C. Misstatements discovered by conducting substantive procedures may cause the auditor to modify the
previous assessment of control risk.
D. The assessed level of inherent and control risks can be sufficiently low in order to eliminate the auditor’s
need to perform substantive tests on some assertions.

28. Which statement is incorrect regarding the nature, timing and extent of tests of controls?
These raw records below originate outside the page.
(* Let $R$ be a countable ring, let $A$ be any index set, and let $(M_\alpha)_{\alpha\in A}$ be a family of left $R$-modules. Suppose $B\subseteq A$ is at most countable, that $M_\alpha$ is not algebraically compact for every $\alpha\in B$, and that $M_\alpha$ is algebraically compact for every $\alpha\in A\setminus B$. Then $$\prod_{\alpha\in A}M_\alpha\Big/\bigoplus_{\alpha\in A}M_\alpha$$ is an algebraically compact left $R$-module.
   Context: A left $R$-module $M$ is algebraically compact if every system of linear equations $\sum_{j\in J} r_{ij}x_j=m_i$ ($i\in I$, $r_{ij}\in R$, each row having almost all $r_{ij}=0$, $m_i\in M$, $I,J$ arbitrary sets) whose finite subsystems are all solvable in $M$ is itself solvable in $M$ (equivalently, $M$ is pure injective). *)

theory Defs
  imports "HOL-Algebra.Module" "HOL-Library.Countable_Set"
begin

text \<open>Same axioms as the library locale module, but over ring instead of cring.\<close>

locale left_module = R?: ring + M?: abelian_group M for M (structure) +
  assumes lsmult_closed:
      "\<lbrakk>a \<in> carrier R; x \<in> carrier M\<rbrakk> \<Longrightarrow> a \<odot>\<^bsub>M\<^esub> x \<in> carrier M"
    and lsmult_l_distr:
      "\<lbrakk>a \<in> carrier R; b \<in> carrier R; x \<in> carrier M\<rbrakk> \<Longrightarrow>
      (a \<oplus> b) \<odot>\<^bsub>M\<^esub> x = a \<odot>\<^bsub>M\<^esub> x \<oplus>\<^bsub>M\<^esub> b \<odot>\<^bsub>M\<^esub> x"
    and lsmult_r_distr:
      "\<lbrakk>a \<in> carrier R; x \<in> carrier M; y \<in> carrier M\<rbrakk> \<Longrightarrow>
      a \<odot>\<^bsub>M\<^esub> (x \<oplus>\<^bsub>M\<^esub> y) = a \<odot>\<^bsub>M\<^esub> x \<oplus>\<^bsub>M\<^esub> a \<odot>\<^bsub>M\<^esub> y"
    and lsmult_assoc1:
      "\<lbrakk>a \<in> carrier R; b \<in> carrier R; x \<in> carrier M\<rbrakk> \<Longrightarrow>
      (a \<otimes> b) \<odot>\<^bsub>M\<^esub> x = a \<odot>\<^bsub>M\<^esub> (b \<odot>\<^bsub>M\<^esub> x)"
    and lsmult_one:
      "x \<in> carrier M \<Longrightarrow> \<one> \<odot>\<^bsub>M\<^esub> x = x"
lemma L2_compact_nearest_point:
  assumes "L2_compact M S" "S \<noteq> {}" "\<eta>0 \<in> L2 M"
  obtains p where "p \<in> S" "\<And>\<eta>. \<eta> \<in> S \<Longrightarrow> Ex M (\<lambda>x. (\<eta>0 x - p x)\<^sup>2) \<le> Ex M (\<lambda>x. (\<eta>0 x - \<eta> x)\<^sup>2)"
proof -
  have SL: "S \<subseteq> L2 M"
    using assms(1) by (simp add: L2_compact_def)
  define d where "d \<eta> = Ex M (\<lambda>x. (\<eta>0 x - \<eta> x)\<^sup>2)" for \<eta>
  define m where "m = Inf (d ` S)"
  have bdd: "bdd_below (d ` S)"
    by (intro bdd_belowI[where m = 0]) (auto simp: d_def Ex_square_nonneg)
  have m_le: "m \<le> d \<eta>" if "\<eta> \<in> S" for \<eta>
    unfolding m_def using bdd that by (auto intro: cInf_lower)
  have "\<exists>\<eta>\<in>S. d \<eta> < m + inverse (real (Suc k))" for k
    using cInf_lessD[of "d ` S" "m + inverse (real (Suc k))"] assms(2) by (auto simp: m_def)
  then obtain \<eta>s where \<eta>s: "\<And>k. \<eta>s k \<in> S" "\<And>k. d (\<eta>s k) < m + inverse (real (Suc k))"
    by metis
  then obtain r p where r: "strict_mono r" and "p \<in> S"
    and lim: "(\<lambda>k. l2norm M (\<lambda>x. \<eta>s (r k) x - p x)) \<longlonglongrightarrow> 0"
    using assms(1) unfolding L2_compact_def by blast
  have pL: "p \<in> L2 M" and \<eta>sL: "\<And>k. \<eta>s k \<in> L2 M"
    using SL \<open>p \<in> S\<close> \<eta>s(1) by auto
  define \<xi> where "\<xi> = (\<lambda>x. \<eta>0 x - p x)"
  have \<xi>L: "\<xi> \<in> L2 M"
    unfolding \<xi>_def using L2_diff[OF assms(3) pL] .
  have d_p_le: "d p \<le> d (\<eta>s k) + 2 * (L2_inner M \<xi> (\<eta>s k) - L2_inner M \<xi> p)" for k
    unfolding d_def \<xi>_def by (rule Ex_square_diff_le[OF assms(3) pL \<eta>sL])
  have lim_bound: "(\<lambda>k. m + inverse (real (Suc (r k))) + 2 * (L2_inner M \<xi> (\<eta>s (r k)) - L2_inner M \<xi> p))
      \<longlonglongrightarrow> m + 0 + 2 * (L2_inner M \<xi> p - L2_inner M \<xi> p)"
    using LIMSEQ_subseq_LIMSEQ[OF LIMSEQ_inverse_real_of_nat r]
      L2_inner_tendsto_right[OF \<xi>L \<eta>sL pL lim]
    by (intro tendsto_intros) (simp_all add: o_def)
  have "d p \<le> m + inverse (real (Suc (r k))) + 2 * (L2_inner M \<xi> (\<eta>s (r k)) - L2_inner M \<xi> p)" for k
    using d_p_le[of "r k"] \<eta>s(2)[of "r k"] by linarith
  then have "d p \<le> m + 0 + 2 * (L2_inner M \<xi> p - L2_inner M \<xi> p)"
    by (intro LIMSEQ_le_const[OF lim_bound]) blast
  then have "d p \<le> d \<eta>" if "\<eta> \<in> S" for \<eta>
    using m_le[OF that] by simp
  then show ?thesis
    using that[OF \<open>p \<in> S\<close>] unfolding d_def by blast
qed

lemma L2_nearest_point_variational_ineq:
  assumes "L2_convex S" "S \<subseteq> L2 M" "\<eta>0 \<in> L2 M" "p \<in> S" "\<eta> \<in> S"
    and p_min: "\<And>\<eta>. \<eta> \<in> S \<Longrightarrow> Ex M (\<lambda>x. (\<eta>0 x - p x)\<^sup>2) \<le> Ex M (\<lambda>x. (\<eta>0 x - \<eta> x)\<^sup>2)"
  shows "L2_inner M (\<lambda>x. \<eta>0 x - p x) (\<lambda>x. \<eta> x - p x) \<le> 0"
proof (rule ccontr)
  define a where "a = L2_inner M (\<lambda>x. \<eta>0 x - p x) (\<lambda>x. \<eta> x - p x)"
  define b where "b = Ex M (\<lambda>x. (\<eta> x - p x)\<^sup>2)"
  assume "\<not> ?thesis"
  then have "a > 0"
    by (simp add: a_def)
  have "b \<ge> 0"
    unfolding b_def by (rule Ex_square_nonneg)
  \<comment> \<open>moving from p a small step t towards \<eta> would decrease the distance to \<eta>0\<close>
  define t where "t = min 1 (a / (b + 1))"
  have "t > 0" "t \<le> 1"
    using \<open>a > 0\<close> \<open>b \<ge> 0\<close> by (auto simp: t_def)
  have pL: "p \<in> L2 M" and \<eta>L: "\<eta> \<in> L2 M"
    using assms(2,4,5) by auto
  have step_in_S: "(\<lambda>x. (1 - t) * p x + t * \<eta> x) \<in> S"
    using assms(1,4,5) \<open>t > 0\<close> \<open>t \<le> 1\<close> unfolding L2_convex_def by auto
  have step_dist: "(\<lambda>x. (\<eta>0 x - ((1 - t) * p x + t * \<eta> x))\<^sup>2) = (\<lambda>x. (\<eta>0 x - p x - t * (\<eta> x - p x))\<^sup>2)"
    by (simp add: algebra_simps)
  have "Ex M (\<lambda>x. (\<eta>0 x - p x)\<^sup>2) \<le> Ex M (\<lambda>x. (\<eta>0 x - p x - t * (\<eta> x - p x))\<^sup>2)"
    using p_min[OF step_in_S] unfolding step_dist .
  also have "\<dots> = Ex M (\<lambda>x. (\<eta>0 x - p x)\<^sup>2) - 2 * t * a + t\<^sup>2 * b"
    unfolding a_def b_def by (rule Ex_square_diff_expand[OF L2_diff[OF assms(3) pL] L2_diff[OF \<eta>L pL]])
  finally have "2 * a \<le> t * b"
    using \<open>t > 0\<close> by (simp add: power2_eq_square)
  also have "t * b \<le> a / (b + 1) * b"
    using \<open>b \<ge> 0\<close> by (intro mult_right_mono) (auto simp: t_def)
  also have "\<dots> < a"
    using \<open>a > 0\<close> \<open>b \<ge> 0\<close> by (simp add: field_simps)
  finally show False
    using \<open>a > 0\<close> by simp
qed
A. Those controls subject to testing by performing inquiry combined with inspection or
reperformance ordinarily provide more assurance than those controls for which the audit evidence consists
solely of inquiry and observation.
B. If the auditor plans to rely on controls that have not changed since they were last tested, the auditor
should test the operating effectiveness of such controls at least once in every third audit.
C. The length of time period between retesting controls is a matter of professional judgment, but cannot
exceed three years.
D. The more the auditor relies on the operating effectiveness of controls in the assessment of risk, the greater
is the extent of the auditor’s tests of controls.

29. Which of the following statements is correct regarding the auditor’s primary objective in
performing procedures to obtain an understanding of the internal control structure?
A. The primary objective is to provide the auditor with an evaluation of the consistency of
application of management’s policies.
B. The primary objective is to provide the auditor with knowledge necessary for audit planning.
C. The primary objective is to provide the auditor with evidential matter to use in assessing inherent risk.
D. The primary objective is to provide the auditor with a basis for modifying tests of controls.